Task prompt:
Reproduce the section of the listing that begins at the line containing "text \<open>Channels from" and finishes at the line containing "Both bounds are". Include both end lines and nothing beyond them.

Data for the task:
(* Let $m,n\ge 2$ and let $W$ be a channel from $\{1,\dots,m\}$ to $\{1,\dots,n\}$. Let $g=\max_{1\le j\le n}(\mathbf{1}W)_j$ and $\alpha_j=\min_{1\le i\le m}W_{i,j}$. Then \[ \underline{P}_W(1)=(g-m+1)_+\quad\text{and}\quad \overline{P}_W(1)=\sum_{j=1}^n\alpha_j. \]
   Context: A channel is a row-stochastic matrix; $\mathcal{D}$ is the set of deterministic (0-1) channels from $\{1,\dots,m\}$ to $\{1,\dots,n\}$, $\mathrm{rank}(D)$ the matrix rank. $\Lambda(W)=\{\lambda\text{ probability distribution on }\mathcal{D}: W=\sum_D\lambda_DD\}$. $P_\lambda(r)=\lambda(\{D:\mathrm{rank}(D)=r\})$, $\underline{P}_W(r)=\min_{\lambda\in\Lambda(W)}P_\lambda(r)$, $\overline{P}_W(r)=\max_{\lambda\in\Lambda(W)}P_\lambda(r)$. $\mathbf{1}$ is the all-one row vector of length $m$ ($\mathbf{1}W$ = column sums), and $(x)_+=\max(x,0)$. *)

theory Defs
  imports "HOL-Analysis.Analysis"
begin

text \<open>Channels from {1..m} to {1..n} are m x n real matrices (rows indexed by type 'm,
  columns by type 'n), row-stochastic.\<close>

definition channel :: "real^'n^'m \<Rightarrow> bool" where
  "channel W \<longleftrightarrow> (\<forall>i j. W $ i $ j \<ge> 0) \<and> (\<forall>i. (\<Sum>j\<in>UNIV. W $ i $ j) = 1)"

definition det_channels :: "(real^'n^'m) set" where
  "det_channels = {D. channel D \<and> (\<forall>i j. D $ i $ j = 0 \<or> D $ i $ j = 1)}"

definition Lambda :: "real^'n^'m \<Rightarrow> ((real^'n^'m) \<Rightarrow> real) set" where
  "Lambda W = {lam. (\<forall>D. 0 \<le> lam D) \<and> (\<forall>D. D \<notin> det_channels \<longrightarrow> lam D = 0)
      \<and> (\<Sum>D\<in>det_channels. lam D) = 1
      \<and> W = (\<Sum>D\<in>det_channels. lam D *\<^sub>R D)}"

definition P_lam :: "((real^'n^'m) \<Rightarrow> real) \<Rightarrow> nat \<Rightarrow> real" where
  "P_lam lam r = (\<Sum>D\<in>{D\<in>det_channels. rank D = r}. lam D)"

text \<open>The set of values of P_lambda(r) over lambda in Lambda(W); the lower (upper) quantity
  is its minimum (maximum).\<close>
definition P_values :: "real^'n^'m \<Rightarrow> nat \<Rightarrow> real set" where
  "P_values W r = (\<lambda>lam. P_lam lam r) ` Lambda W"

definition is_min :: "real set \<Rightarrow> real \<Rightarrow> bool" where
  "is_min S v \<longleftrightarrow> v \<in> S \<and> (\<forall>x\<in>S. v \<le> x)"

definition is_max :: "real set \<Rightarrow> real \<Rightarrow> bool" where
  "is_max S v \<longleftrightarrow> v \<in> S \<and> (\<forall>x\<in>S. x \<le> v)"

end

theory Submission
  imports Defs
begin

(* A decomposition of W into deterministic channels is a probability weighting \<mu> of the maps
   f : 'm \<Rightarrow> 'n with W i j = \<mu>{f. f i = j}, and rank one means that f is constant.  The weight
   of the constant map to j is at most every entry of column j, which gives the upper bound; a
   non-constant map meets column j at most m - 1 times, so every column sum is at most
   (m - 1)(1 - x) + m x for x the weight of the constant maps, which gives the lower bound.
   Both bounds are attained by greedily peeling off multiples of deterministic channels that lie
   on positive entries.  For the lower bound the peeled maps must be non-constant; this stays
   possible as long as every column sum is at most m - 1 times the common row sum, an invariant
   the peeling keeps by never letting a tight column become slack. *)

section \<open>Mixtures of deterministic maps\<close>

definition mixture :: "(('m \<Rightarrow> 'n) \<Rightarrow> real) \<Rightarrow> 'm \<Rightarrow> 'n \<Rightarrow> real" where
  "mixture \<mu> i j = (\<Sum>f | f i = j. \<mu> f)"

lemma mixture_eq_sum:
  fixes \<mu> :: "('m::finite \<Rightarrow> 'n::finite) \<Rightarrow> real"
  shows "mixture \<mu> i j = (\<Sum>f\<in>UNIV. \<mu> f * of_bool (f i = j))"
  by (simp add: mixture_def sum.inter_filter[symmetric])

lemma mixture_add:
  fixes \<mu> \<nu> :: "('m::finite \<Rightarrow> 'n::finite) \<Rightarrow> real"
  shows "mixture (\<lambda>f. \<mu> f + \<nu> f) i j = mixture \<mu> i j + mixture \<nu> i j"
  by (simp add: mixture_def sum.distrib)

lemma mixture_point_mass:
  fixes f :: "'m::finite \<Rightarrow> 'n::finite"
  shows "mixture (\<lambda>g. t * of_bool (g = f)) i j = t * of_bool (f i = j)"
proof -
  have "(\<lambda>g. t * of_bool (g = f) * of_bool (g i = j)) = (\<lambda>g. if g = f then t * of_bool (f i = j) else 0)"
    by auto
  thus ?thesis by (simp add: mixture_eq_sum)
qed

lemma mixture_constants:
  fixes \<alpha> :: "'n::finite \<Rightarrow> real"
  shows "mixture (\<lambda>f::'m::finite \<Rightarrow> 'n. \<Sum>k\<in>UNIV. \<alpha> k * of_bool (f = (\<lambda>_. k))) i j = \<alpha> j"
proof -
  have "mixture (\<lambda>f::'m \<Rightarrow> 'n. \<Sum>k\<in>UNIV. \<alpha> k * of_bool (f = (\<lambda>_. k))) i j
      = (\<Sum>k\<in>UNIV. mixture (\<lambda>f::'m \<Rightarrow> 'n. \<alpha> k * of_bool (f = (\<lambda>_. k))) i j)"
    unfolding mixture_def by (rule sum.swap)
  also have "\<dots> = \<alpha> j"
    by (simp only: mixture_point_mass) simp
  finally show ?thesis .
qed

lemma sum_mixture_row:
  fixes \<mu> :: "('m::finite \<Rightarrow> 'n::finite) \<Rightarrow> real"
  shows "(\<Sum>j\<in>UNIV. mixture \<mu> i j) = (\<Sum>f\<in>UNIV. \<mu> f)"
  unfolding mixture_eq_sum by (subst sum.swap) (simp add: sum_distrib_left[symmetric])

lemma sum_mixture_column:
  fixes \<mu> :: "('m::finite \<Rightarrow> 'n::finite) \<Rightarrow> real"
  shows "(\<Sum>i\<in>UNIV. mixture \<mu> i j) = (\<Sum>f\<in>UNIV. \<mu> f * real (card {i. f i = j}))"
  unfolding mixture_eq_sum
  by (subst sum.swap) (simp add: sum_distrib_left[symmetric] of_bool_def sum.If_cases)

lemma weight_le_mixture:
  fixes \<mu> :: "('m::finite \<Rightarrow> 'n::finite) \<Rightarrow> real"
  assumes "\<forall>g. 0 \<le> \<mu> g"
  shows "\<mu> f \<le> mixture \<mu> i (f i)"
  unfolding mixture_def by (rule member_le_sum) (use assms in auto)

Response to this exercise:
text \<open>Channels from {1..m} to {1..n} are m x n real matrices (rows indexed by type 'm,
  columns by type 'n), row-stochastic.\<close>

definition channel :: "real^'n^'m \<Rightarrow> bool" where
  "channel W \<longleftrightarrow> (\<forall>i j. W $ i $ j \<ge> 0) \<and> (\<forall>i. (\<Sum>j\<in>UNIV. W $ i $ j) = 1)"

definition det_channels :: "(real^'n^'m) set" where
  "det_channels = {D. channel D \<and> (\<forall>i j. D $ i $ j = 0 \<or> D $ i $ j = 1)}"

definition Lambda :: "real^'n^'m \<Rightarrow> ((real^'n^'m) \<Rightarrow> real) set" where
  "Lambda W = {lam. (\<forall>D. 0 \<le> lam D) \<and> (\<forall>D. D \<notin> det_channels \<longrightarrow> lam D = 0)
      \<and> (\<Sum>D\<in>det_channels. lam D) = 1
      \<and> W = (\<Sum>D\<in>det_channels. lam D *\<^sub>R D)}"

definition P_lam :: "((real^'n^'m) \<Rightarrow> real) \<Rightarrow> nat \<Rightarrow> real" where
  "P_lam lam r = (\<Sum>D\<in>{D\<in>det_channels. rank D = r}. lam D)"

text \<open>The set of values of P_lambda(r) over lambda in Lambda(W); the lower (upper) quantity
  is its minimum (maximum).\<close>
definition P_values :: "real^'n^'m \<Rightarrow> nat \<Rightarrow> real set" where
  "P_values W r = (\<lambda>lam. P_lam lam r) ` Lambda W"

definition is_min :: "real set \<Rightarrow> real \<Rightarrow> bool" where
  "is_min S v \<longleftrightarrow> v \<in> S \<and> (\<forall>x\<in>S. v \<le> x)"

definition is_max :: "real set \<Rightarrow> real \<Rightarrow> bool" where
  "is_max S v \<longleftrightarrow> v \<in> S \<and> (\<forall>x\<in>S. x \<le> v)"

end

theory Submission
  imports Defs
begin

(* A decomposition of W into deterministic channels is a probability weighting \<mu> of the maps
   f : 'm \<Rightarrow> 'n with W i j = \<mu>{f. f i = j}, and rank one means that f is constant.  The weight
   of the constant map to j is at most every entry of column j, which gives the upper bound; a
   non-constant map meets column j at most m - 1 times, so every column sum is at most
   (m - 1)(1 - x) + m x for x the weight of the constant maps, which gives the lower bound.
   Both bounds are attained by greedily peeling off multiples of deterministic channels that lie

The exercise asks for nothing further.